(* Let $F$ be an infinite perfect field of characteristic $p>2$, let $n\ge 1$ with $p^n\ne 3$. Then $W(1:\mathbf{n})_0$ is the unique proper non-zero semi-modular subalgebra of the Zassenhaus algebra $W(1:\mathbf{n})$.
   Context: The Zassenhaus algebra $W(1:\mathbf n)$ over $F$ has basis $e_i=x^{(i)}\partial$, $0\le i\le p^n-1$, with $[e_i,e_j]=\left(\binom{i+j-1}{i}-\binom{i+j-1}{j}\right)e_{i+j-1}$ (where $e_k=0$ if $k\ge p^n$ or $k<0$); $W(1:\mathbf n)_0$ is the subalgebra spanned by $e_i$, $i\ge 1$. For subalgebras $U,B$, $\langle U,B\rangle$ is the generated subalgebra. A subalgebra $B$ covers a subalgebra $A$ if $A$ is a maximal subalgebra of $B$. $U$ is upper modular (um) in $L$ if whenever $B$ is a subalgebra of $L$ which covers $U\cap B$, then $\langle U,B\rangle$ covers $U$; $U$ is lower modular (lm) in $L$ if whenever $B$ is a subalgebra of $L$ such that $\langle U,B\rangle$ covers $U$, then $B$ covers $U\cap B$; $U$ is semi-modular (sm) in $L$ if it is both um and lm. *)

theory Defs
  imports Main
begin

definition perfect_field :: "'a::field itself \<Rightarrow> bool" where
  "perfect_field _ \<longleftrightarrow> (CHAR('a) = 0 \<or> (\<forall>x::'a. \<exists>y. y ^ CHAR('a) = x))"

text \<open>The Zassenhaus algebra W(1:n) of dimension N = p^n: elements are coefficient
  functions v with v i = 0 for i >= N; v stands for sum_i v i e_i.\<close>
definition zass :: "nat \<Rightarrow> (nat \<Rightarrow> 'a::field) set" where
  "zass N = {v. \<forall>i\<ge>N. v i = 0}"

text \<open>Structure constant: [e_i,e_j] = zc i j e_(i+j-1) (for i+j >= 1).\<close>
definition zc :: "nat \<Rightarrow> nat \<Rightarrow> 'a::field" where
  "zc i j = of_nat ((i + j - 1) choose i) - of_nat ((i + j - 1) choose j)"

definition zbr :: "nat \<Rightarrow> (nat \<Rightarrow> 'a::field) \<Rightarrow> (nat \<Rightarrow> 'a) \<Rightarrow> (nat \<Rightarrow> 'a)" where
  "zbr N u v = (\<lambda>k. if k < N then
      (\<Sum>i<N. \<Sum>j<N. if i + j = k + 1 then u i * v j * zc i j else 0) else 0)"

--

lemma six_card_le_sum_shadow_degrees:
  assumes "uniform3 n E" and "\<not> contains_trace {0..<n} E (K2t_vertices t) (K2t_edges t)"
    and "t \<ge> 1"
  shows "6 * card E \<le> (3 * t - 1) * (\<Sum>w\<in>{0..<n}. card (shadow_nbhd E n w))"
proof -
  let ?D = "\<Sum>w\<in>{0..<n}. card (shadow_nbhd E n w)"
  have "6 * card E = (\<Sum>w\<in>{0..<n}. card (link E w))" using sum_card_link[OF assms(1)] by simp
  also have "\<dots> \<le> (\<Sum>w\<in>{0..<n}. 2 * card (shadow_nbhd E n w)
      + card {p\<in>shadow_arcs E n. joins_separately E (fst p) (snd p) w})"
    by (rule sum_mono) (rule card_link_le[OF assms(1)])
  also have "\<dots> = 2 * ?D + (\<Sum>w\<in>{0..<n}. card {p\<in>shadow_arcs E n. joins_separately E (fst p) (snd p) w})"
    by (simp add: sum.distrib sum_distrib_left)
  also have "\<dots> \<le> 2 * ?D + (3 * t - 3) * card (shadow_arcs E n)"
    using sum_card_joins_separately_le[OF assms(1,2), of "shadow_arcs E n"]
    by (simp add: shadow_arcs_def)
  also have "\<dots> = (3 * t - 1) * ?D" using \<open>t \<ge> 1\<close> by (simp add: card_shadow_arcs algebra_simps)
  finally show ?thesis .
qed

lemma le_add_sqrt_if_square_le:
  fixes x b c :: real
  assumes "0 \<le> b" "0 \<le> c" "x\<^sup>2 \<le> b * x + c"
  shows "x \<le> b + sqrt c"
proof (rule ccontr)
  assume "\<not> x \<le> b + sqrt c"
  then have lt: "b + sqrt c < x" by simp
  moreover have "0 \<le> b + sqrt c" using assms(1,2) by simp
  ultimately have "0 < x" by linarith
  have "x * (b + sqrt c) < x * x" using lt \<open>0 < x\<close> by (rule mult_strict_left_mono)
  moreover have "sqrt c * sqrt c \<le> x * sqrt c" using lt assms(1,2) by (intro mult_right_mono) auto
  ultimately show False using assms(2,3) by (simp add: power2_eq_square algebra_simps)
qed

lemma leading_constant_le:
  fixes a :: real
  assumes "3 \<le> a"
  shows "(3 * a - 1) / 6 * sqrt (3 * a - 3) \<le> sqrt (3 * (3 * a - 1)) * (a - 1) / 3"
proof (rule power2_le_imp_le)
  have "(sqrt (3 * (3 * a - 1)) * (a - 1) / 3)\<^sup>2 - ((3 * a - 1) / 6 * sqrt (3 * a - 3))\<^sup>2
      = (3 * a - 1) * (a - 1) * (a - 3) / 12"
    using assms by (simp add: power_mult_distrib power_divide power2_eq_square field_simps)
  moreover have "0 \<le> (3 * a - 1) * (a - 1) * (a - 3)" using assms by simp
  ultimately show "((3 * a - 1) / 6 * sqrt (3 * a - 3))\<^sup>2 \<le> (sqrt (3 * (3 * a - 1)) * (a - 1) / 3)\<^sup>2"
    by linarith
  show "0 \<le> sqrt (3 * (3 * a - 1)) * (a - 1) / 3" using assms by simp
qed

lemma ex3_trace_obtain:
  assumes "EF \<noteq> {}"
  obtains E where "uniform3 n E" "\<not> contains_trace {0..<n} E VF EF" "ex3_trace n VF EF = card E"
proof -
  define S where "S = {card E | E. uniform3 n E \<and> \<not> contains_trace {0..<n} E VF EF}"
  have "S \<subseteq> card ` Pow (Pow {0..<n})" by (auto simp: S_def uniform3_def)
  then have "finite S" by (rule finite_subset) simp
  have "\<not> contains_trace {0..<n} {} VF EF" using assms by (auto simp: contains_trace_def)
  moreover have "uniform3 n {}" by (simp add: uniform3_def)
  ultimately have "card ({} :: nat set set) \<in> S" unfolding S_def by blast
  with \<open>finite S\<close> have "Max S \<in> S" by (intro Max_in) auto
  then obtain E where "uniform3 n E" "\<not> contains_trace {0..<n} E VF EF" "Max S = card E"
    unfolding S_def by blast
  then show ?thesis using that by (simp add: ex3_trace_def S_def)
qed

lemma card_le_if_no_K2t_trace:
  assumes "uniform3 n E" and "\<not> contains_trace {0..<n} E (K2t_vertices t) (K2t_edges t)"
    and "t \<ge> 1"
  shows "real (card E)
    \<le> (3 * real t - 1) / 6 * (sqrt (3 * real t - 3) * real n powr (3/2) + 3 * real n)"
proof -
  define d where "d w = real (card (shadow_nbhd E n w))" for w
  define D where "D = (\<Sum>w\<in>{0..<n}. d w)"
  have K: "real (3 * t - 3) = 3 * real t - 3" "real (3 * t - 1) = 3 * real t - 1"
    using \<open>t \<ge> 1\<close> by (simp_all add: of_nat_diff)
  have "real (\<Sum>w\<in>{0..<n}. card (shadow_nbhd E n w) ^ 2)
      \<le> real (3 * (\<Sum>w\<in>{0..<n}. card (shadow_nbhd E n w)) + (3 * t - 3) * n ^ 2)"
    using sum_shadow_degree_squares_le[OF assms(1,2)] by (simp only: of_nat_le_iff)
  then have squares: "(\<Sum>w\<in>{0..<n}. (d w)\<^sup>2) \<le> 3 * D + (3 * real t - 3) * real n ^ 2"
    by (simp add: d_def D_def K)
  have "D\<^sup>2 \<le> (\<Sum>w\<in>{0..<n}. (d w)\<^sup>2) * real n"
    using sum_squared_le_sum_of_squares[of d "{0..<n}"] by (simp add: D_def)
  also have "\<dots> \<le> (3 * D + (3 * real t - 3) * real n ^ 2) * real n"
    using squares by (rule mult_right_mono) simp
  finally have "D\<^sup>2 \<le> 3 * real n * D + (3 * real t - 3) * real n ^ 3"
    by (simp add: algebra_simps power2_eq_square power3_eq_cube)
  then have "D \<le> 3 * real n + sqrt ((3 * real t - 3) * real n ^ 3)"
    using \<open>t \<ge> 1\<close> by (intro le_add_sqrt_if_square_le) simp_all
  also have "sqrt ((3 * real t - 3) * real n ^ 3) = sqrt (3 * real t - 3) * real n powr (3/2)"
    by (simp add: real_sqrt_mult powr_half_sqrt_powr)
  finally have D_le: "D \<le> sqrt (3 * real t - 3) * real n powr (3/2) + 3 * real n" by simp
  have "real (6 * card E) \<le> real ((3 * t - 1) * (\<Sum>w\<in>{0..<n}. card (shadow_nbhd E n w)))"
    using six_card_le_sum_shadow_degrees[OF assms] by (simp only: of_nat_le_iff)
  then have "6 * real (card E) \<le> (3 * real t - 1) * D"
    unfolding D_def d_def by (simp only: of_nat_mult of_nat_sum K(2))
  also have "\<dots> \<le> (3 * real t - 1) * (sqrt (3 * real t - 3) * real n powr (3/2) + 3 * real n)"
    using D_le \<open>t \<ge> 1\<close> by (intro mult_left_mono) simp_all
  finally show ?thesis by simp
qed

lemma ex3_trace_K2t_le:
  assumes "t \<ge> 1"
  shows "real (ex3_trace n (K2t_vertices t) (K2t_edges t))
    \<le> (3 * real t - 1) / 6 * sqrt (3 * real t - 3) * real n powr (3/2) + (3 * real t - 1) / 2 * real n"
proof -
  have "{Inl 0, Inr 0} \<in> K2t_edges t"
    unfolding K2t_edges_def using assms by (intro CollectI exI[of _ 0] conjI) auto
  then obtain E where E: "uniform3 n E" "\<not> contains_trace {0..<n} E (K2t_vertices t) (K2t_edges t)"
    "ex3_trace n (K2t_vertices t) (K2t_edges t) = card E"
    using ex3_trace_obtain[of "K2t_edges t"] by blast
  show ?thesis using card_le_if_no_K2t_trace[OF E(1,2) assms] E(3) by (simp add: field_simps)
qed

==

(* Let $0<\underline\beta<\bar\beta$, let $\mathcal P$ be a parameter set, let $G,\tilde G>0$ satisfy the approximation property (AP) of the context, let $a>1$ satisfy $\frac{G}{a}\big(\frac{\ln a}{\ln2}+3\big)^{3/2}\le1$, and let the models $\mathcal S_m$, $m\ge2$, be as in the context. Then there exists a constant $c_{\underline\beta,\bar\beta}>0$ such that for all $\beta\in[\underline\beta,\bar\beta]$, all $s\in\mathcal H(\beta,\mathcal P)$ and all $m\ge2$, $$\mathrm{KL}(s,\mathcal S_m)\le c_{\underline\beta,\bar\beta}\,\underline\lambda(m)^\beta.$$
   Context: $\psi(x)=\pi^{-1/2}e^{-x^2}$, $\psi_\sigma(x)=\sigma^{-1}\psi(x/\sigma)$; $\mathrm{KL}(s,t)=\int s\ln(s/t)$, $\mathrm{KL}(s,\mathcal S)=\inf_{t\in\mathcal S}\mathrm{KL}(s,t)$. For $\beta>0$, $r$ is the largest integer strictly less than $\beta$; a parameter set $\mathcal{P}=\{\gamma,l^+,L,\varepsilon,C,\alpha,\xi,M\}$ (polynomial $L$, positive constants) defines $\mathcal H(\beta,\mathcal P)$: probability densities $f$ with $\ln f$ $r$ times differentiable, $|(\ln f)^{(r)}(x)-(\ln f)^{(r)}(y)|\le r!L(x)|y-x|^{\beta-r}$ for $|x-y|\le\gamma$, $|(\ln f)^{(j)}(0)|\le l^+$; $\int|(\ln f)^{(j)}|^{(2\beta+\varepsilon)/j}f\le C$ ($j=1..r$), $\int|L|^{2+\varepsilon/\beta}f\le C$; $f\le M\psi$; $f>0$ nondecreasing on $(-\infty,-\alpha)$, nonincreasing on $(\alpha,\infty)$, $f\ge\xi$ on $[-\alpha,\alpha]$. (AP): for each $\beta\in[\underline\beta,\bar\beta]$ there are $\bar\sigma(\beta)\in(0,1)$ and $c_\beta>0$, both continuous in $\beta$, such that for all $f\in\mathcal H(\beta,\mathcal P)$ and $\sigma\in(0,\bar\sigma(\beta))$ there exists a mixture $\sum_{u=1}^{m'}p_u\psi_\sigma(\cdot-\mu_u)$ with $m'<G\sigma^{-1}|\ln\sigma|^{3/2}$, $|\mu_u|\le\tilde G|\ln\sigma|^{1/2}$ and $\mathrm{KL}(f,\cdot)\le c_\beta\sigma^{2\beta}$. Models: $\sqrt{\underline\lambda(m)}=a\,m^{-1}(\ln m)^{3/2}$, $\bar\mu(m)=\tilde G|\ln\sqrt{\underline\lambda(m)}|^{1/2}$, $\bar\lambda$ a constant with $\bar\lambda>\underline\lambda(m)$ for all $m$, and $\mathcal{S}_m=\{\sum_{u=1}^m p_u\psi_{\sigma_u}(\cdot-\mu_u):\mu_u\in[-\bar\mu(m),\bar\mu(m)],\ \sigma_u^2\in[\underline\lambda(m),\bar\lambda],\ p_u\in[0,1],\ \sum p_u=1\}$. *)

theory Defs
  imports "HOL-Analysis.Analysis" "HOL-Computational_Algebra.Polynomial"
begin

* [REQUIRED ACTION]: The total alone is wanted: how many lines in the listing above contain "close".

* [EXERCISE SOLUTION]: 8